Can growing our own food have well-being benefits, help to reduce food poverty, make us healthier, and benefit wildlife?

Nature on your doorstep volunteer Martyn Davies, investigates the benefits of growing your own vegetables

From my perspective the answer is a resounding yes, but that is because the kitchen garden is my happy place, my gym, my contemplative space, and a haven for wildlife. It is surely naïve though to think that growing a few vegetables can have so many positive effects on the wider community, who aren’t all veg gardening nerds with a passion for wildlife like me, and those that are, often don’t have the space for a kitchen garden. (Although many vegetables can be successfully grown in pots even if you only have a balcony or courtyard garden).

 

Since starting work on a new project with a small Charity in rural Wales, the full potential of ‘growing a bit of veg’ has become clear to me. ‘Tir Coed’ connect people with land (Tir) and woods (Coed) by delivering outdoor learning and well-being programmes www.tircoed.org.uk. At a time when many people are struggling to afford food and are suffering from the inevitable resulting stress and anxiety, the opportunity to grow your own food whilst making new friends seems like a no-brainer, but of course it is not that simple. Even for those lucky enough to have a large garden or access to an allotment, the early stages of Spring optimism are often quashed by a lack of time or knowledge, cultivating a healthy patch of weeds with the occasional obstinate lettuce poking its head through a mat of chickweed. So how do Tir Coed do things differently? and how can we all learn from this model to improve our lives by growing vegetables?

 

Education

Tir Coed run free 20 week accredited sustainable horticulture courses, teaching people how to grow their own food, as well as arming them with a qualification. These courses are run at community gardens, which often provide small growing areas for individuals and the chance to be a part of a communal/community growing space, which also provides fresh food for the local foodbank. There are community gardens springing up all over the country, find your nearest garden and get involved, if you don't have one nearby there are many grants available to help create new gardens, and councils will often provide unused municipal land for community use, so why not investigate starting your own community garden.

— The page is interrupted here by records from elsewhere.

lemma upper_solution_of_le:
  assumes x: "pos_vec n x" and le: "\<forall>i<n. x i \<le> x' i"
    and q: "pos_vec n q" "\<forall>i<n. load x i (q i) q = x i"
  shows "upper_solution x' q"
  unfolding upper_solution_def
proof (intro conjI allI impI q(1))
  fix i assume i: "i < n"
  have pos: "0 < x i" "0 < q i" using x q(1) i unfolding pos_vec_def by blast+
  have x': "0 < x' i" using pos(1) le i by force
  have "0 < sinr (q i) q i j" for j using sinr_pos pos(2) q(1) by blast
  then have "(\<Sum>j\<in>J i. r i j / capacity (x' i) (sinr (q i) q i j))
      \<le> (\<Sum>j\<in>J i. r i j / capacity (x i) (sinr (q i) q i j))"
    using pos le i r_pos
    by (intro sum_mono divide_left_mono capacity_mono mult_pos_pos capacity_pos)
      (auto intro: less_imp_le)
  also have "\<dots> = 1" using pos q(2) i load_eq_iff by blast
  finally show "load x' i (q i) q \<le> x' i" using load_le_iff[of x' i, OF x'] by blast
qed

lemma fixed_point_dominance:
  assumes i: "i < n" and \<gamma>: "1 \<le> \<gamma>" and x: "0 < x i" "x i \<le> x' i"
    and q: "pos_vec n q" and q': "pos_vec n q'"
    and bound: "\<forall>k<n. q' k \<le> \<gamma> * q k" and q'_i: "q' i = \<gamma> * q i"
    and eq: "load x i (q i) q = x i" and eq': "load x' i (q' i) q' = x' i"
  shows "x' i = x i \<and> \<gamma> = 1 \<and> (\<forall>k<n. k \<noteq> i \<longrightarrow> q' k = q k)"
proof (rule ccontr)
  assume "\<not> ?thesis"
  then have strict: "x i < x' i \<or> 1 < \<gamma> \<or> (\<exists>k<n. k \<noteq> i \<and> q' k < \<gamma> * q k)"
    using x \<gamma> bound by force
  have qi: "0 < q i" "0 < q' i" using q q' i unfolding pos_vec_def by blast+
  have x'_i: "0 < x' i" using x by simp
  have "capacity (x i) (sinr (q i) q i j) < capacity (x' i) (sinr (q' i) q' i j)" for j
  proof (rule capacity_less)
    show "sinr (q i) q i j \<le> sinr (q' i) q' i j"
      unfolding q'_i using sinr_scaled_le qi(1) q q' \<gamma> bound by blast
    show "x i < x' i \<or> sinr (q i) q i j < sinr (q' i) q' i j"
      unfolding q'_i using strict sinr_scaled_less qi(1) q q' \<gamma> bound by blast
  qed (use x sinr_pos[OF qi(1) q] in auto)
  then have "(\<Sum>j\<in>J i. r i j / capacity (x' i) (sinr (q' i) q' i j))
      < (\<Sum>j\<in>J i. r i j / capacity (x i) (sinr (q i) q i j))"
    using J_fin[OF i] J_ne[OF i] r_pos[OF i] x(1) x'_i sinr_pos[OF qi(1) q] sinr_pos[OF qi(2) q']
    by (intro sum_strict_mono divide_strict_left_mono mult_pos_pos capacity_pos) auto
  then show False using eq eq' x(1) x'_i load_eq_iff by simp
qed

lemma fixed_point_less:
  assumes x: "pos_vec n x" and le: "\<forall>i<n. x i \<le> x' i" and ne: "\<exists>i<n. x i \<noteq> x' i"
    and q: "pos_vec n q" "\<forall>i<n. load x i (q i) q = x i"
    and q': "pos_vec n q'" "\<forall>i<n. load x' i (q' i) q' = x' i"
  shows "\<forall>k<n. q' k < q k"
proof (rule ccontr)
  assume "\<not> ?thesis"
  then obtain k0 where k0: "k0 < n" "q k0 \<le> q' k0" by (auto simp: not_less)
  define \<gamma> where "\<gamma> = Max ((\<lambda>k. q' k / q k) ` {..<n})"
  obtain i where i: "i < n" "\<gamma> = q' i / q i"
    using Max_in[of "(\<lambda>k. q' k / q k) ` {..<n}"] k0 unfolding \<gamma>_def by fastforce
  have ratio_le: "q' k / q k \<le> \<gamma>" if "k < n" for k
    unfolding \<gamma>_def using that by (intro Max_ge) auto
  have q_pos: "0 < q k" if "k < n" for k using q(1) that unfolding pos_vec_def by blast
  have bound: "\<forall>k<n. q' k \<le> \<gamma> * q k"
    using ratio_le q_pos by (simp add: divide_le_eq mult.commute)
  have "1 \<le> q' k0 / q k0" using k0 q_pos[OF k0(1)] by simp
  then have \<gamma>: "1 \<le> \<gamma>" using ratio_le[OF k0(1)] by linarith
  have q'_i: "q' i = \<gamma> * q i" using i q_pos[OF i(1)] by simp
  have x_i: "0 < x i" using x i unfolding pos_vec_def by blast
  have "\<gamma> = 1" "\<forall>k<n. k \<noteq> i \<longrightarrow> q' k = q k"
    using fixed_point_dominance[of i \<gamma> x x' q q'] i(1) \<gamma> x_i le bound q'_i q q' by auto
  then have q_eq: "\<forall>k<n. q' k = q k" using q'_i by auto
  obtain m where m: "m < n" "x m \<noteq> x' m" using ne by blast
  have "0 < x m" using x m(1) unfolding pos_vec_def by blast
  then show False
    using fixed_point_dominance[of m 1 x x' q q'] m le q_eq q q' by auto
qed

end
(* Let $G$ be a discriminating group and let $S\subset F$ be a set of weak identities in $G$. Then every element $s\in S$ is an identity in $G$, i.e. $\pi(s)=1$ for every homomorphism $\pi:F\to G$.
   Context: A group $G$ is discriminating if for every integer $N$ and every $h_1,\dots,h_N\in G\times G$ there is a homomorphism $\rho:G\times G\to G$ with $\rho(h_i)=1$ if and only if $h_i=1$, for each $i$. Let $F$ be the free group on countably many generators $g_1,g_2,\dots$. For $N\ge 1$, $F^{\times N}$ is the direct product of $N$ copies of $F$, $i_k:F\to F^{\times N}$ the $k$-th inclusion. A subset $S\subset F$ is a set of weak identities in $G$ if there exists $N\ge1$ such that for any $s_1,\dots,s_N\in S$ and any homomorphism $\rho:F^{\times N}\to G$ some $k$ has $\rho(i_k(s_k))=1$. *)

theory Defs
  imports "HOL-Algebra.Algebra"
begin

text \<open>The free group F on countably many generators g_0, g_1, ... (indexed by nat),
realised as the group of freely reduced words.  A letter (True, n) stands for g_n,
(False, n) for its inverse.\<close>

type_synonym letter = "bool \<times> nat"
type_synonym word = "letter list"

definition inv_letter :: "letter \<Rightarrow> letter" where
  "inv_letter a = (\<not> fst a, snd a)"

fun cons_red :: "letter \<Rightarrow> word \<Rightarrow> word" where
  "cons_red a [] = [a]"
| "cons_red a (b # w) = (if b = inv_letter a then w else a # b # w)"

definition reduce :: "word \<Rightarrow> word" where
  "reduce w = foldr cons_red w []"

definition reduced :: "word \<Rightarrow> bool" where
  "reduced w \<longleftrightarrow> (\<forall>i. Suc i < length w \<longrightarrow> w ! Suc i \<noteq> inv_letter (w ! i))"

definition free_group_nat :: "word monoid" where
  "free_group_nat = \<lparr> carrier = {w. reduced w},
                      monoid.mult = (\<lambda>x y. reduce (x @ y)),
                      one = [] \<rparr>"

definition free_power :: "nat \<Rightarrow> (nat \<Rightarrow> word) monoid" where
  "free_power N = product_group {..<N} (\<lambda>_. free_group_nat)"

definition incl :: "nat \<Rightarrow> nat \<Rightarrow> word \<Rightarrow> (nat \<Rightarrow> word)" where
  "incl N k x = (\<lambda>i\<in>{..<N}. if i = k then x else \<one>\<^bsub>free_group_nat\<^esub>)"

definition discriminating :: "('a, 'b) monoid_scheme \<Rightarrow> bool" where
  "discriminating G \<longleftrightarrow>
     (\<forall>(N::nat) (h :: nat \<Rightarrow> 'a \<times> 'a). (\<forall>i<N. h i \<in> carrier (G \<times>\<times> G)) \<longrightarrow>
        (\<exists>\<rho> \<in> hom (G \<times>\<times> G) G. \<forall>i<N. (\<rho> (h i) = \<one>\<^bsub>G\<^esub> \<longleftrightarrow> h i = \<one>\<^bsub>G \<times>\<times> G\<^esub>)))"

definition weak_identities :: "word set \<Rightarrow> ('a, 'b) monoid_scheme \<Rightarrow> bool" where
  "weak_identities S G \<longleftrightarrow> S \<subseteq> carrier free_group_nat \<and>
     (\<exists>N::nat. N \<ge> 1 \<and>
        (\<forall>s :: nat \<Rightarrow> word. (\<forall>k<N. s k \<in> S) \<longrightarrow>
           (\<forall>\<rho> \<in> hom (free_power N) G. \<exists>k<N. \<rho> (incl N k (s k)) = \<one>\<^bsub>G\<^esub>)))"

definition is_identity :: "word \<Rightarrow> ('a, 'b) monoid_scheme \<Rightarrow> bool" where
  "is_identity s G \<longleftrightarrow> (\<forall>\<pi> \<in> hom free_group_nat G. \<pi> s = \<one>\<^bsub>G\<^esub>)"

end

theory Submission
  imports Defs
begin

text \<open>If some homomorphism p : F \<rightarrow> G does not kill s, then every i_k(s) in F^N is detected
by p composed with the k-th projection.  A discriminating group merges two homomorphisms
\<alpha>, \<beta> : H \<rightarrow> G into \<rho> \<circ> (\<alpha>, \<beta>) without losing any of finitely many prescribed non-trivial
values, so by induction a single homomorphism F^N \<rightarrow> G is non-trivial on all i_k(s)
simultaneously, contradicting that S is a set of weak identities.\<close>

lemma const_one_hom:
  assumes "monoid H"
  shows "(\<lambda>_. \<one>\<^bsub>H\<^esub>) \<in> hom G H"
  using assms by (simp add: hom_def monoid.one_closed)

lemma product_group_proj_hom:
  assumes "i \<in> I"
  shows "(\<lambda>x. x i) \<in> hom (product_group I G) (G i)"
  using assms by (auto simp: hom_def)

lemma incl_in_free_power:
  assumes "s \<in> carrier free_group_nat"
  shows "incl N k s \<in> carrier (free_power N)"
  using assms by (auto simp: incl_def free_power_def free_group_nat_def reduced_def)

lemma free_power_proj_hom:
  assumes "k < N"
  shows "(\<lambda>x. x k) \<in> hom (free_power N) free_group_nat"
  using product_group_proj_hom[of k "{..<N}" "\<lambda>_. free_group_nat"] assms
  by (simp add: free_power_def)

lemma incl_detected_by_proj:
  assumes "p \<in> hom free_group_nat G" and "p s \<noteq> \<one>\<^bsub>G\<^esub>" and "k < N"
  shows "\<exists>\<phi> \<in> hom (free_power N) G. \<phi> (incl N k s) \<noteq> \<one>\<^bsub>G\<^esub>"
proof
  show "p \<circ> (\<lambda>x. x k) \<in> hom (free_power N) G"
    using hom_compose[OF free_power_proj_hom[OF assms(3)] assms(1)] .
  show "(p \<circ> (\<lambda>x. x k)) (incl N k s) \<noteq> \<one>\<^bsub>G\<^esub>"
    using assms(2,3) by (simp add: incl_def)
qed

lemma discriminating_combine_homs:
  fixes n :: nat
  assumes disc: "discriminating G"
    and hom: "\<alpha> \<in> hom H G" "\<beta> \<in> hom H G"
    and x: "\<forall>i<n. x i \<in> carrier H"
    and detected: "\<forall>i<n. \<alpha> (x i) \<noteq> \<one>\<^bsub>G\<^esub> \<or> \<beta> (x i) \<noteq> \<one>\<^bsub>G\<^esub>"
  shows "\<exists>\<gamma> \<in> hom H G. \<forall>i<n. \<gamma> (x i) \<noteq> \<one>\<^bsub>G\<^esub>"
proof -
  let ?pair = "\<lambda>y. (\<alpha> y, \<beta> y)"
  have "\<forall>i<n. ?pair (x i) \<in> carrier (G \<times>\<times> G)"
    using hom x by (simp add: hom_in_carrier)
  then obtain \<rho> where \<rho>: "\<rho> \<in> hom (G \<times>\<times> G) G"
    and sep: "\<forall>i<n. \<rho> (?pair (x i)) = \<one>\<^bsub>G\<^esub> \<longleftrightarrow> ?pair (x i) = \<one>\<^bsub>G \<times>\<times> G\<^esub>"
    using disc[unfolded discriminating_def, rule_format, of n "\<lambda>i. ?pair (x i)"] by blast
  have "\<rho> \<circ> ?pair \<in> hom H G"
    using hom \<rho> by (intro hom_compose[where H = "G \<times>\<times> G"]) (simp_all add: hom_paired)
  moreover have "\<forall>i<n. (\<rho> \<circ> ?pair) (x i) \<noteq> \<one>\<^bsub>G\<^esub>"
    using sep detected by auto
  ultimately show ?thesis by blast
qed

lemma discriminating_separates_finite:
  fixes n :: nat
  assumes "group G" and "discriminating G"
    and "\<forall>i<n. x i \<in> carrier H \<and> (\<exists>\<phi> \<in> hom H G. \<phi> (x i) \<noteq> \<one>\<^bsub>G\<^esub>)"
  shows "\<exists>\<psi> \<in> hom H G. \<forall>i<n. \<psi> (x i) \<noteq> \<one>\<^bsub>G\<^esub>"
  using assms(3)
proof (induction n)
  case 0
  show ?case using const_one_hom group.is_monoid[OF assms(1)] by blast
next
  case (Suc n)
  then obtain \<alpha> where \<alpha>: "\<alpha> \<in> hom H G" "\<forall>i<n. \<alpha> (x i) \<noteq> \<one>\<^bsub>G\<^esub>"
    by auto
  obtain \<beta> where \<beta>: "\<beta> \<in> hom H G" "\<beta> (x n) \<noteq> \<one>\<^bsub>G\<^esub>"
    using Suc.prems by blast
  have "\<forall>i<Suc n. \<alpha> (x i) \<noteq> \<one>\<^bsub>G\<^esub> \<or> \<beta> (x i) \<noteq> \<one>\<^bsub>G\<^esub>"
    using \<alpha>(2) \<beta>(2) less_Suc_eq by auto
  then show ?case
    using discriminating_combine_homs[OF assms(2) \<alpha>(1) \<beta>(1)] Suc.prems by blast
qed

theorem theorem6p3:
  fixes G :: "('a, 'b) monoid_scheme" and S :: "word set"
  assumes "group G"
    and "discriminating G"
    and "weak_identities S G"
  shows "\<forall>s \<in> S. is_identity s G"
proof
  fix s assume s: "s \<in> S"
  obtain N where S_carrier: "S \<subseteq> carrier free_group_nat"
    and weak: "\<forall>s :: nat \<Rightarrow> word. (\<forall>k<N. s k \<in> S) \<longrightarrow>
                 (\<forall>\<rho> \<in> hom (free_power N) G. \<exists>k<N. \<rho> (incl N k (s k)) = \<one>\<^bsub>G\<^esub>)"
    using assms(3) unfolding weak_identities_def by blast
  show "is_identity s G" unfolding is_identity_def
  proof (rule ccontr)
    assume "\<not> (\<forall>\<pi> \<in> hom free_group_nat G. \<pi> s = \<one>\<^bsub>G\<^esub>)"
    then obtain p where p: "p \<in> hom free_group_nat G" "p s \<noteq> \<one>\<^bsub>G\<^esub>" by blast
    have "\<forall>k<N. incl N k s \<in> carrier (free_power N)
        \<and> (\<exists>\<phi> \<in> hom (free_power N) G. \<phi> (incl N k s) \<noteq> \<one>\<^bsub>G\<^esub>)"
      using incl_in_free_power[OF subsetD[OF S_carrier s]] incl_detected_by_proj[OF p] by blast
    then obtain \<psi> where "\<psi> \<in> hom (free_power N) G" "\<forall>k<N. \<psi> (incl N k s) \<noteq> \<one>\<^bsub>G\<^esub>"
      using discriminating_separates_finite[OF assms(1,2), of N "\<lambda>k. incl N k s"]
      by blast
    then show False
      using weak[rule_format, of "\<lambda>_. s"] s by blast
  qed
qed

end
lemma scaled_log_Eexp_le_iff:
  assumes "prob_space M" "\<And>x. x \<in> space M \<Longrightarrow> 0 \<le> f x" "b > 0"
  shows "ereal (1 / b) * log_Eexp M f \<le> ereal r
           \<longleftrightarrow> (\<integral>\<^sup>+ x. ennreal (exp (f x)) \<partial>M) \<le> ennreal (exp (b * r))"
proof (cases "(\<integral>\<^sup>+ x. ennreal (exp (f x)) \<partial>M) = \<top>")
  case True
  then show ?thesis using assms(3) by (simp add: log_Eexp_def top_unique)
next
  case False
  then obtain I where I: "(\<integral>\<^sup>+ x. ennreal (exp (f x)) \<partial>M) = ennreal I" "I \<ge> 0"
    using ennreal_cases by (metis top_neq_ennreal)
  note fin = log_Eexp_eq_ln[OF assms(1,2) I(1)]
  have "ln I / b \<le> r \<longleftrightarrow> ln I \<le> b * r"
    using assms(3) by (simp add: divide_le_eq mult.commute)
  also have "\<dots> \<longleftrightarrow> I \<le> exp (b * r)"
    using fin(2) by (metis exp_le_cancel_iff exp_ln less_le_trans zero_less_one)
  finally show ?thesis
    using I fin by simp
qed

lemma log_Eexp_le_add:
  assumes M: "prob_space M" and f: "\<And>x. x \<in> space M \<Longrightarrow> 0 \<le> f x"
    and g: "g \<in> borel_measurable M"
    and le: "\<And>x. x \<in> space M \<Longrightarrow> f x \<le> g x + a"
  shows "log_Eexp M f \<le> log_Eexp M g + ereal a"
proof -
  have "(\<integral>\<^sup>+ x. ennreal (exp (f x)) \<partial>M) \<le> (\<integral>\<^sup>+ x. ennreal (exp a) * ennreal (exp (g x)) \<partial>M)"
    using le by (intro nn_integral_mono) (simp add: ennreal_mult[symmetric] mult_exp_exp add.commute)
  also have "\<dots> = ennreal (exp a) * (\<integral>\<^sup>+ x. ennreal (exp (g x)) \<partial>M)"
    using g by (intro nn_integral_cmult) measurable
  finally have int_le: "(\<integral>\<^sup>+ x. ennreal (exp (f x)) \<partial>M)
      \<le> ennreal (exp a) * (\<integral>\<^sup>+ x. ennreal (exp (g x)) \<partial>M)" .
  show ?thesis
  proof (cases "(\<integral>\<^sup>+ x. ennreal (exp (g x)) \<partial>M) = \<top>")
    case True
    then show ?thesis by (simp add: log_Eexp_def)
  next
    case False
    then obtain J where J: "(\<integral>\<^sup>+ x. ennreal (exp (g x)) \<partial>M) = ennreal J" "J \<ge> 0"
      using ennreal_cases by (metis top_neq_ennreal)
    have "(\<integral>\<^sup>+ x. ennreal (exp (f x)) \<partial>M) \<le> ennreal (exp a * J)"
      using int_le J by (simp add: ennreal_mult)
    moreover have "(\<integral>\<^sup>+ x. ennreal (exp (f x)) \<partial>M) \<noteq> \<top>"
      using calculation by (auto simp: top_unique)
    ultimately obtain I where I: "(\<integral>\<^sup>+ x. ennreal (exp (f x)) \<partial>M) = ennreal I" "I \<le> exp a * J"
      using J(2) by (cases "\<integral>\<^sup>+ x. ennreal (exp (f x)) \<partial>M") auto
    note fin = log_Eexp_eq_ln[OF M f I(1)]
    have "0 < exp a * J"
      using fin(2) I(2) by linarith
    then have "0 < J"
      by (simp add: zero_less_mult_iff)
    have "ln I \<le> ln (exp a * J)"
      using fin(2) I(2) by simp
    then have "ln I \<le> a + ln J"
      using \<open>0 < J\<close> by (simp add: ln_mult)
    then show ?thesis
      using fin J \<open>0 < J\<close> by (simp add: log_Eexp_def add.commute)
  qed
qed

lemma scaled_log_Eexp_sqrt_le:
  assumes M: "prob_space M" and X: "X \<in> borel_measurable M"
    and nonneg: "\<And>x. x \<in> space M \<Longrightarrow> 0 \<le> X x"
    and b: "b > 0" and \<theta>: "\<theta> > 0" and \<beta>: "\<beta> \<ge> 0"
  shows "ereal (1 / b) * log_Eexp M (\<lambda>x. \<beta> * sqrt b * sqrt (X x))
           \<le> ereal (1 / b) * log_Eexp M (\<lambda>x. \<theta> * X x) + ereal (\<beta>\<^sup>2 / (4 * \<theta>))"
proof -
  have amgm: "\<beta> * sqrt b * sqrt (X x) \<le> \<theta> * X x + b * (\<beta>\<^sup>2 / (4 * \<theta>))" if "x \<in> space M" for x
  proof -
    have "0 \<le> (2 * \<theta> * sqrt (X x) - \<beta> * sqrt b)\<^sup>2 / (4 * \<theta>)"
      using \<theta> by simp
    also have "\<dots> = \<theta> * X x + b * (\<beta>\<^sup>2 / (4 * \<theta>)) - \<beta> * sqrt b * sqrt (X x)"
      using \<theta> b nonneg[OF that] by (simp add: field_simps power2_eq_square)
    finally show ?thesis by simp
  qed
  have "log_Eexp M (\<lambda>x. \<beta> * sqrt b * sqrt (X x))
      \<le> log_Eexp M (\<lambda>x. \<theta> * X x) + ereal (b * (\<beta>\<^sup>2 / (4 * \<theta>)))"
    using M nonneg b \<beta> X amgm by (intro log_Eexp_le_add) auto
  then have "ereal (1 / b) * log_Eexp M (\<lambda>x. \<beta> * sqrt b * sqrt (X x))
      \<le> ereal (1 / b) * (log_Eexp M (\<lambda>x. \<theta> * X x) + ereal (b * (\<beta>\<^sup>2 / (4 * \<theta>))))"
    using b by (intro ereal_mult_left_mono) auto
  also have "\<dots> = ereal (1 / b) * log_Eexp M (\<lambda>x. \<theta> * X x) + ereal (\<beta>\<^sup>2 / (4 * \<theta>))"
    using b by (subst ereal_distrib_left) auto
  finally show ?thesis .
qed

lemma liminf_scaled_log_Eexp_ge:
  fixes M :: "nat \<Rightarrow> 'a measure" and X :: "nat \<Rightarrow> 'a \<Rightarrow> real" and b :: "nat \<Rightarrow> real"
  assumes prob: "\<And>m. prob_space (M m)" and meas: "\<And>m. X m \<in> borel_measurable (M m)"
    and nonneg: "\<And>m x. x \<in> space (M m) \<Longrightarrow> 0 \<le> X m x" and bpos: "\<And>m. b m > 0"
    and \<theta>: "\<theta> > 0" and \<beta>: "\<beta> \<ge> 0"
    and sqrt_lower: "ereal (\<Lambda> + \<beta>\<^sup>2 / (4 * \<theta>))
      \<le> liminf (\<lambda>m. ereal (1 / b m) * log_Eexp (M m) (\<lambda>x. \<beta> * sqrt (b m) * sqrt (X m x)))"
  shows "ereal \<Lambda> \<le> liminf (\<lambda>m. ereal (1 / b m) * log_Eexp (M m) (\<lambda>x. \<theta> * X m x))"
proof -
  have "ereal \<Lambda> + ereal (\<beta>\<^sup>2 / (4 * \<theta>))
      \<le> liminf (\<lambda>m. ereal (1 / b m) * log_Eexp (M m) (\<lambda>x. \<beta> * sqrt (b m) * sqrt (X m x)))"
    using sqrt_lower by simp
  also have "\<dots> \<le> liminf (\<lambda>m. ereal (1 / b m) * log_Eexp (M m) (\<lambda>x. \<theta> * X m x) + ereal (\<beta>\<^sup>2 / (4 * \<theta>)))"
    using scaled_log_Eexp_sqrt_le[OF prob meas nonneg bpos \<theta> \<beta>] by (intro Liminf_mono) auto
  also have "\<dots> = liminf (\<lambda>m. ereal (1 / b m) * log_Eexp (M m) (\<lambda>x. \<theta> * X m x)) + ereal (\<beta>\<^sup>2 / (4 * \<theta>))"
    (is "_ = ?L + _") by (intro Liminf_add_ereal_right) auto
  finally show ?thesis
    by (cases ?L) auto
qed

lemma parabola_le_chord:
  fixes \<theta> a u \<delta> :: real
  assumes "\<theta> \<ge> 0" "a \<le> u" "u \<le> a + \<delta>"
  shows "\<theta> * u\<^sup>2 \<le> \<theta> * (2 * a + \<delta>) * u - \<theta> * a * (a + \<delta>)"
proof -
  have "\<theta> * ((u - a) * (u - a - \<delta>)) \<le> 0"
    using assms by (intro mult_nonneg_nonpos mult_nonneg_nonpos) auto
  then show ?thesis by (simp add: algebra_simps power2_eq_square)
qed

lemma parabola_le_grid_chord:
  fixes \<theta> \<delta> u :: real and N :: nat
  assumes "\<theta> \<ge> 0" "\<delta> > 0" "u \<ge> 0" "u < real N * \<delta>"
  obtains k where "k < N" "\<theta> * u\<^sup>2 \<le> \<theta> * \<delta> * (2 * real k + 1) * u - \<theta> * \<delta>\<^sup>2 * real k * (real k + 1)"
proof
  define k where "k = nat \<lfloor>u / \<delta>\<rfloor>"
  have "real k \<le> u / \<delta>" "u / \<delta> < real k + 1"
    using assms floor_correct[of "u / \<delta>"] by (auto simp: k_def)
  then have k: "k * \<delta> \<le> u" "u \<le> k * \<delta> + \<delta>"
    using assms by (auto simp: field_simps)
  show "k < N"
    using mult_right_less_imp_less[of "real k" \<delta> "real N"] k(1) assms by linarith
  show "\<theta> * u\<^sup>2 \<le> \<theta> * \<delta> * (2 * real k + 1) * u - \<theta> * \<delta>\<^sup>2 * real k * (real k + 1)"
    using parabola_le_chord[OF assms(1) k] by (simp add: algebra_simps power2_eq_square)
qed

lemma exp_le_chord_sum:
  fixes \<theta> \<theta>' \<delta> b x :: real and N :: nat
  assumes \<theta>: "0 \<le> \<theta>" "\<theta> \<le> \<theta>'" and \<delta>: "\<delta> > 0" and b: "b > 0" and x: "x \<ge> 0"
  shows "exp (\<theta> * x) \<le>
           (\<Sum>k<N. exp (- b * (\<theta> * \<delta>\<^sup>2 * real k * (real k + 1))) * exp (\<theta> * \<delta> * (2 * real k + 1) * sqrt b * sqrt x))
           + exp (- b * ((\<theta>' - \<theta>) * (real N * \<delta>)\<^sup>2)) * exp (\<theta>' * x)"
    (is "_ \<le> ?chords + ?tail")
proof -
  define u where "u = sqrt x / sqrt b"
  have "b * u = b / sqrt b * sqrt x"
    by (simp add: u_def)
  then have u: "u \<ge> 0" "x = b * u\<^sup>2" "sqrt b * sqrt x = b * u"
    using b x by (auto simp: u_def power_divide real_div_sqrt)
  show ?thesis
  proof (cases "N * \<delta> \<le> u")
    case True
    then have "(real N * \<delta>)\<^sup>2 \<le> u\<^sup>2"
      using \<delta> by (intro power_mono) auto
    then have "(\<theta>' - \<theta>) * b * (real N * \<delta>)\<^sup>2 \<le> (\<theta>' - \<theta>) * b * u\<^sup>2"
      using \<theta> b by (intro mult_left_mono) auto
    then have "\<theta> * x \<le> - b * ((\<theta>' - \<theta>) * (real N * \<delta>)\<^sup>2) + \<theta>' * x"
      using u(2) by (simp add: algebra_simps)
    then have "exp (\<theta> * x) \<le> ?tail"
      by (simp add: mult_exp_exp)
    then show ?thesis
      by (simp add: add_increasing sum_nonneg)
  next
    case False
    obtain k where "k < N"
      and chord: "\<theta> * u\<^sup>2 \<le> \<theta> * \<delta> * (2 * real k + 1) * u - \<theta> * \<delta>\<^sup>2 * real k * (real k + 1)"
      using \<theta>(1) \<delta> u(1) not_le[THEN iffD1, OF False] by (rule parabola_le_grid_chord)
    have "b * (\<theta> * u\<^sup>2) \<le> b * (\<theta> * \<delta> * (2 * real k + 1) * u - \<theta> * \<delta>\<^sup>2 * real k * (real k + 1))"
      using chord b by (intro mult_left_mono) auto
    moreover have "\<theta> * \<delta> * (2 * real k + 1) * sqrt b * sqrt x = \<theta> * \<delta> * (2 * real k + 1) * (b * u)"
      using u(3) by (simp add: mult.assoc)
    ultimately have "\<theta> * x \<le> - b * (\<theta> * \<delta>\<^sup>2 * real k * (real k + 1)) + \<theta> * \<delta> * (2 * real k + 1) * sqrt b * sqrt x"
      using u(2) by (simp add: algebra_simps power2_eq_square)
    then have "exp (\<theta> * x) \<le> exp (- b * (\<theta> * \<delta>\<^sup>2 * real k * (real k + 1))) * exp (\<theta> * \<delta> * (2 * real k + 1) * sqrt b * sqrt x)"
      by (simp add: mult_exp_exp)
    also have "\<dots> \<le> ?chords"
      using \<open>k < N\<close> by (intro member_le_sum) auto
    finally show ?thesis
      by (simp add: add_increasing2)
  qed
qed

Garden communities toolkit - Guidance - GOV.UK (www.gov.uk)

 Learning in the community garden, (Credit: Tir Coed)

Well-Being

Immersing people in nature is at the core of Tir Coed’s philosophy, when you are also making new friends, gaining qualifications, saving money, and making a difference in your local community it is very difficult not to feel better in yourself.

 Tir Coed Trainees enjoying a bumper harvest, (Credit: Tir Coed)

How do I cook a celeriac?

One of the most important skills that trainees learn is planning to grow the most suitable crops, avoiding gluts, and extending crop harvests over a long period. To be able to produce cheap, healthy meals from your kitchen garden, you must know what to do with your prize celeriac after you’ve pulled it out of the ground and shared a picture of it on Instagram (because no-one really knows how to cook them if they are being honest). So Tir Coed have partnered with the NHS’s ‘nutrition skills for life’ initiative Nutrition Skills for Life®, which offer free accredited training courses in nutrition and cooking. Which teach people how to cook cheaper, healthier, tastier meals, making the most of the ingredients they can grow.

 

Can a vegetable garden be wildlife friendly?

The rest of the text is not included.